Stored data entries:
────────────────
lemma deltaH_qmap:
  "s \<in> univ (Tk k A) \<Longrightarrow> deltaH n k A (qmap n k A s) = qmap n k (Hk n k A) (coext (qmap n k A) s)"
proof -
  assume "s \<in> univ (Tk k A)"
  then have approx: "approx n (SOME t. t \<in> qmap n k A s) s"
    by (rule some_in_qmap[THEN approx_sym])
  then have "approx n (coext (qmap n k A) (SOME t. t \<in> qmap n k A s)) (coext (qmap n k A) s)"
    using qmap_eq[OF approx] by (rule approx_coext)
  then show ?thesis
    unfolding deltaH_def by (rule qmap_eq)
qed

lemma Hmap_qmap: "s \<in> univ (Tk k A) \<Longrightarrow> Hmap n k B f (qmap n k A s) = qmap n k B (Tmap f s)"
  unfolding Hmap_def by (rule qmap_eq, rule approx_Tmap, rule approx_sym, rule some_in_qmap)

lemma hom_epsH: "hom (Hk n k A) A epsH"
  using hom_eps by (rule hom_Hk_factor) (rule epsH_qmap)

lemma hom_deltaH: "hom (Hk n k A) (Hk n k (Hk n k A)) (deltaH n k A)"
proof (rule hom_Hk_factor)
  show "hom (Tk k A) (Hk n k (Hk n k A)) (qmap n k (Hk n k A) \<circ> coext (qmap n k A))"
    using hom_coext[OF hom_qmap] hom_qmap by (rule hom_comp)
qed (simp add: deltaH_qmap)

lemma epsH_natural:
  assumes "hom A B f" and "c \<in> univ (Hk n k A)"
  shows "f (epsH c) = epsH (Hmap n k B f c)"
proof -
  obtain s where s: "s \<in> Tuniv k A" "c = qmap n k A s"
    using assms(2) by (auto simp: Hk_def univ_Tk)
  then have "epsH (Hmap n k B f c) = eps (Tmap f s)"
    using Tmap_Tuniv[OF assms(1)] by (simp add: Hmap_qmap epsH_qmap univ_Tk)
  also have "\<dots> = f (eps s)"
    using Tuniv_neq_Nil[OF s(1)] by (simp add: eps_def last_Tmap)
  finally show ?thesis
    using s by (simp add: epsH_qmap univ_Tk)
qed

lemma deltaH_natural:
  assumes "hom A B f" and "c \<in> univ (Hk n k A)"
  shows "deltaH n k B (Hmap n k B f c) = Hmap n k (Hk n k B) (Hmap n k B f) (deltaH n k A c)"
proof -
  obtain s where s: "s \<in> Tuniv k A" "c = qmap n k A s"
    using assms(2) by (auto simp: Hk_def univ_Tk)
  have "deltaH n k B (Hmap n k B f c) = qmap n k (Hk n k B) (coext (qmap n k B) (Tmap f s))"
    using s Tmap_Tuniv[OF assms(1)] by (simp add: Hmap_qmap deltaH_qmap univ_Tk)
  also have "coext (qmap n k B) (Tmap f s) = Tmap (qmap n k B \<circ> Tmap f) (delta s)"
    by (simp only: delta_Tmap Tmap_Tmap)
  also have "\<dots> = Tmap (Hmap n k B f \<circ> qmap n k A) (delta s)"
  proof (rule Tmap_cong)
    fix x assume "x \<in> fst ` set (delta s)"
    then obtain i where "x = take (Suc i) s"
      using fst_set_delta by blast
    then have "x \<in> univ (Tk k A)"
      using take_Tuniv[OF s(1), of "Suc i"] by (simp add: univ_Tk)
    then show "(qmap n k B \<circ> Tmap f) x = (Hmap n k B f \<circ> qmap n k A) x"
      by (simp add: Hmap_qmap)
  qed
  also have "\<dots> = Tmap (Hmap n k B f) (coext (qmap n k A) s)"
    by (simp only: Tmap_Tmap)
  also have "qmap n k (Hk n k B) \<dots> = Hmap n k (Hk n k B) (Hmap n k B f) (deltaH n k A c)"
    using s hom_univ[OF hom_coext[OF hom_qmap], of s k A n]
    by (simp add: deltaH_qmap Hmap_qmap univ_Tk)
  finally show ?thesis .
qed

theorem lemma3p11:
  fixes ar :: "'r \<Rightarrow> nat" and n k :: nat
  assumes "1 \<le> n" and "n \<le> k"
  shows
  "(\<forall>A :: ('r, 'a) struc. sigma_struc ar A \<longrightarrow>
        hom (Hk n k A) A epsH
      \<and> (\<forall>s \<in> univ (Tk k A). eps s = epsH (qmap n k A s))
      \<and> (\<forall>e. hom (Hk n k A) A e \<and> (\<forall>s \<in> univ (Tk k A). eps s = e (qmap n k A s))
             \<longrightarrow> (\<forall>c \<in> univ (Hk n k A). e c = epsH c))
      \<and> (\<forall>s \<in> univ (Tk k A). \<forall>t \<in> univ (Tk k A). approx n s t \<longrightarrow>
             qmap n k (Hk n k A) (Tmap (qmap n k A) (delta s))
           = qmap n k (Hk n k A) (Tmap (qmap n k A) (delta t)))
      \<and> (\<forall>s \<in> univ (Tk k A).
             deltaH n k A (qmap n k A s) = qmap n k (Hk n k A) (Tmap (qmap n k A) (delta s)))
      \<and> hom (Hk n k A) (Hk n k (Hk n k A)) (deltaH n k A))
   \<and> (\<forall>(A :: ('r, 'a) struc) (B :: ('r, 'b) struc) f.
        sigma_struc ar A \<and> sigma_struc ar B \<and> hom A B f \<longrightarrow>
          (\<forall>c \<in> univ (Hk n k A). f (epsH c) = epsH (Hmap n k B f c))
        \<and> (\<forall>c \<in> univ (Hk n k A).
             deltaH n k B (Hmap n k B f c)
           = Hmap n k (Hk n k B) (Hmap n k B f) (deltaH n k A c)))"
proof (intro conjI allI impI ballI)
  fix A :: "('r, 'a) struc"
  show "hom (Hk n k A) A epsH"
    by (rule hom_epsH)
  show "eps s = epsH (qmap n k A s)" if "s \<in> univ (Tk k A)" for s
    using that by (simp add: epsH_qmap)
  show "e c = epsH c"
    if "hom (Hk n k A) A e \<and> (\<forall>s \<in> univ (Tk k A). eps s = e (qmap n k A s))"
      and "c \<in> univ (Hk n k A)" for e c
    using that by (auto simp: Hk_def epsH_qmap)
  show "qmap n k (Hk n k A) (coext (qmap n k A) s) = qmap n k (Hk n k A) (coext (qmap n k A) t)"
    if "approx n s t" for s t
    using that qmap_eq by (intro qmap_eq approx_coext) blast+
  show "deltaH n k A (qmap n k A s) = qmap n k (Hk n k A) (coext (qmap n k A) s)"
    if "s \<in> univ (Tk k A)" for s
    using that by (rule deltaH_qmap)
  show "hom (Hk n k A) (Hk n k (Hk n k A)) (deltaH n k A)"
    by (rule hom_deltaH)
next
  fix A :: "('r, 'a) struc" and B :: "('r, 'b) struc" and f
  assume "sigma_struc ar A \<and> sigma_struc ar B \<and> hom A B f"
  then have f: "hom A B f"
    by blast
  show "f (epsH c) = epsH (Hmap n k B f c)" if "c \<in> univ (Hk n k A)" for c
    using f that by (rule epsH_natural)
  show "deltaH n k B (Hmap n k B f c) = Hmap n k (Hk n k B) (Hmap n k B f) (deltaH n k A c)"
    if "c \<in> univ (Hk n k A)" for c
    using f that by (rule deltaH_natural)
qed

end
────────────────
Check each line of the data above for the word "only" and copy the ones where it is found.

### Exercise result
    by (simp only: delta_Tmap Tmap_Tmap)
    by (simp only: Tmap_Tmap)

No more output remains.